**THE TASK:**
Your response must consist of one number: how many lines in this material contain the word "thesis".

**DATA TO USE:**
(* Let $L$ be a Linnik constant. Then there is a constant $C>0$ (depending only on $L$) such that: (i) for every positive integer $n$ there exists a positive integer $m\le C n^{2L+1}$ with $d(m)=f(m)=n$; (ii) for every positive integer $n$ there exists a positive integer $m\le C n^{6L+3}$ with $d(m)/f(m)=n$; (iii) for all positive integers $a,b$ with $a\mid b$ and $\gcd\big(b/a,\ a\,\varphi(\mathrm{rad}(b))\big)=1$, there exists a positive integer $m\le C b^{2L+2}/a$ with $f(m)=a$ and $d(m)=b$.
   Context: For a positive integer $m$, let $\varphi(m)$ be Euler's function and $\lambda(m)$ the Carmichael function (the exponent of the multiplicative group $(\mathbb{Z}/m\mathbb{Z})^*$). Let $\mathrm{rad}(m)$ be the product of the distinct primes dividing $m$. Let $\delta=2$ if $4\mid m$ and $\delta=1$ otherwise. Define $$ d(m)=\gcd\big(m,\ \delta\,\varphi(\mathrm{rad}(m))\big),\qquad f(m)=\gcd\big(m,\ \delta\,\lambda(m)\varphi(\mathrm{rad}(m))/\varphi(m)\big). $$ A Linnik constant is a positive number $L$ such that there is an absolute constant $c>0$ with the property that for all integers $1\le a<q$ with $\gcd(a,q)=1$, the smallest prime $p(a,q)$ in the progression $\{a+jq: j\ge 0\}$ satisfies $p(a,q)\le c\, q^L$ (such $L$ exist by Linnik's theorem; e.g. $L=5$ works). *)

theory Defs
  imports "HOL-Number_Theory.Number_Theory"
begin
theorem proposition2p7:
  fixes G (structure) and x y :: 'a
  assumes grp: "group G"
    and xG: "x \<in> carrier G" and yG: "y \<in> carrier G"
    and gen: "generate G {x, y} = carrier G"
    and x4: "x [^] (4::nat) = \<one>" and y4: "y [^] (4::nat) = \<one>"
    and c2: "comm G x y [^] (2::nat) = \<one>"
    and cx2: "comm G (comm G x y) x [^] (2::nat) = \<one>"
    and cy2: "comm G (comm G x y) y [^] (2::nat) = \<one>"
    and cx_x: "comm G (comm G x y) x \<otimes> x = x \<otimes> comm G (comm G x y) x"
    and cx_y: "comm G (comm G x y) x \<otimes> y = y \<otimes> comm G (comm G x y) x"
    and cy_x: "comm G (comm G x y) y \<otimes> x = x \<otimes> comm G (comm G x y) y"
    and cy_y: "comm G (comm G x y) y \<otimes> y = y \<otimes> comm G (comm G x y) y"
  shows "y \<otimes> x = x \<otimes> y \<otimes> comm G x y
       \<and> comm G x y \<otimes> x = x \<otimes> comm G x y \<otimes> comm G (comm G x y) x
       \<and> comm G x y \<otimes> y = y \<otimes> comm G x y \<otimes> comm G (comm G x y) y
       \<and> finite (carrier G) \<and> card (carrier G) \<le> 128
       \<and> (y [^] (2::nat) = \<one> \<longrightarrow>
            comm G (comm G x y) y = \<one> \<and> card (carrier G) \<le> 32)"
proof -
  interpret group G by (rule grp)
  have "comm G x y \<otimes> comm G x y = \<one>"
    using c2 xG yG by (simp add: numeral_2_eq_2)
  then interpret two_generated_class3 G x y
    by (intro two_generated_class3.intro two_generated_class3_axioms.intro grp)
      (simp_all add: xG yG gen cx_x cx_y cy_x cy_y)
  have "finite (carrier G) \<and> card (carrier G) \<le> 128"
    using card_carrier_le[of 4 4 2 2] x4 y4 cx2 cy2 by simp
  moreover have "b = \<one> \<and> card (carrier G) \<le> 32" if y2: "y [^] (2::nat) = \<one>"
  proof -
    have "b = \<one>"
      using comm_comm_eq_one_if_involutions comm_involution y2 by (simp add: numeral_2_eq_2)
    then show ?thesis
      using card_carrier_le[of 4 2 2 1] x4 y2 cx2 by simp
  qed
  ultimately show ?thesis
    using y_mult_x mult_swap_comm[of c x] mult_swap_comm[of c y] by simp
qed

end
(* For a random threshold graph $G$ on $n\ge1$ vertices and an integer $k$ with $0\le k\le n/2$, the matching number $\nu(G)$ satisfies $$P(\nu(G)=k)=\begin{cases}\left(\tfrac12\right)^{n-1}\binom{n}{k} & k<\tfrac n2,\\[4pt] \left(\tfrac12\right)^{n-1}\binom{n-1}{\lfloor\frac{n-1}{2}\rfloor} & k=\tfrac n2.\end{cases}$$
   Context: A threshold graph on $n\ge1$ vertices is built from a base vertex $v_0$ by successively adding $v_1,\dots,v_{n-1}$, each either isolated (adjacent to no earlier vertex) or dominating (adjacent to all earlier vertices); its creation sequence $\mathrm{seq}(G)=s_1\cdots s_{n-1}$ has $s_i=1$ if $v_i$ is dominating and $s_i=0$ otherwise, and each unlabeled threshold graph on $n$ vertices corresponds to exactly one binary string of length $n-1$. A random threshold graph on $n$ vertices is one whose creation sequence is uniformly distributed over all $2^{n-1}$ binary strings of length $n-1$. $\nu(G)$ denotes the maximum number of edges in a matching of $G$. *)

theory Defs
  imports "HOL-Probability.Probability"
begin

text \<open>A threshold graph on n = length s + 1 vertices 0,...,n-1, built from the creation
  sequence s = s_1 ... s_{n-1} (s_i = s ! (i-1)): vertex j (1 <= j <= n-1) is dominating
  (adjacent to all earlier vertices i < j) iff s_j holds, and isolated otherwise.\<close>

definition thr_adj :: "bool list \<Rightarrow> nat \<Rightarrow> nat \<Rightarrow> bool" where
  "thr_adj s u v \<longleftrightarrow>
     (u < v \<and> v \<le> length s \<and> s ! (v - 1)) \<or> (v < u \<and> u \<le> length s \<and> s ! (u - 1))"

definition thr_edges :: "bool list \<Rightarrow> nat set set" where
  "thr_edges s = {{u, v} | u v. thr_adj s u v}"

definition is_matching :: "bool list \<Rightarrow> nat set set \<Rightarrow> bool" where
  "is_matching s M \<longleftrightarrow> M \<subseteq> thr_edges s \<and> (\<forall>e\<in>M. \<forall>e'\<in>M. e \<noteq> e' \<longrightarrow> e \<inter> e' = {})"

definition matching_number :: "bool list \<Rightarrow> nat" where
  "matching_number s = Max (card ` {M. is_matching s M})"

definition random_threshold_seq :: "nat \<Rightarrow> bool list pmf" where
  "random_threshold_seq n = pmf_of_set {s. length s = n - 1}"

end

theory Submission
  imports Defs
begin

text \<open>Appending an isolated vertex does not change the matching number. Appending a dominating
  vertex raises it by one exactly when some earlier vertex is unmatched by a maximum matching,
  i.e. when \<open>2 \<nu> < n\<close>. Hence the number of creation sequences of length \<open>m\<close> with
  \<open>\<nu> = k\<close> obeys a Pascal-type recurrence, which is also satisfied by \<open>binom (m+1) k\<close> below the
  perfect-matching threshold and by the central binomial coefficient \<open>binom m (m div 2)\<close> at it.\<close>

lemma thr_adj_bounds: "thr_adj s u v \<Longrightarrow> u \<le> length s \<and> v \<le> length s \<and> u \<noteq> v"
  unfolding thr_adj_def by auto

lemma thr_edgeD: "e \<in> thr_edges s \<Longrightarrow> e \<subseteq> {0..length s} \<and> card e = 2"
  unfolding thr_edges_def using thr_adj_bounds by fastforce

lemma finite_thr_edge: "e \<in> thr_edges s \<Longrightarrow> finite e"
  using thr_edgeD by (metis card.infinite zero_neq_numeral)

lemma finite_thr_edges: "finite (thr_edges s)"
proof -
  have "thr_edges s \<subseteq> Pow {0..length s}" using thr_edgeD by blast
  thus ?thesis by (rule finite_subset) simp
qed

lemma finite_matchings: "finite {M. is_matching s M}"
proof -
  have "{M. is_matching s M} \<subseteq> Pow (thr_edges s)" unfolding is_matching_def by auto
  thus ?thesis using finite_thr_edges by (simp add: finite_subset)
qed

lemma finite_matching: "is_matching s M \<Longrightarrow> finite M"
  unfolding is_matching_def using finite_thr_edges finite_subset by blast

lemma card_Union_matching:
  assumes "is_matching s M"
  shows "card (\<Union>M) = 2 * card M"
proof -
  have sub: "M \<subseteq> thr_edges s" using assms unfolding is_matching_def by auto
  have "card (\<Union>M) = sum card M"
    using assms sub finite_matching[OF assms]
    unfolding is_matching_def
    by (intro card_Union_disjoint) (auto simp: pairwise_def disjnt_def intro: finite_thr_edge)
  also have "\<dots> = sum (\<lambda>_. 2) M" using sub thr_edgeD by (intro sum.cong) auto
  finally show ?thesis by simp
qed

**EXPECTED ANSWER:**
5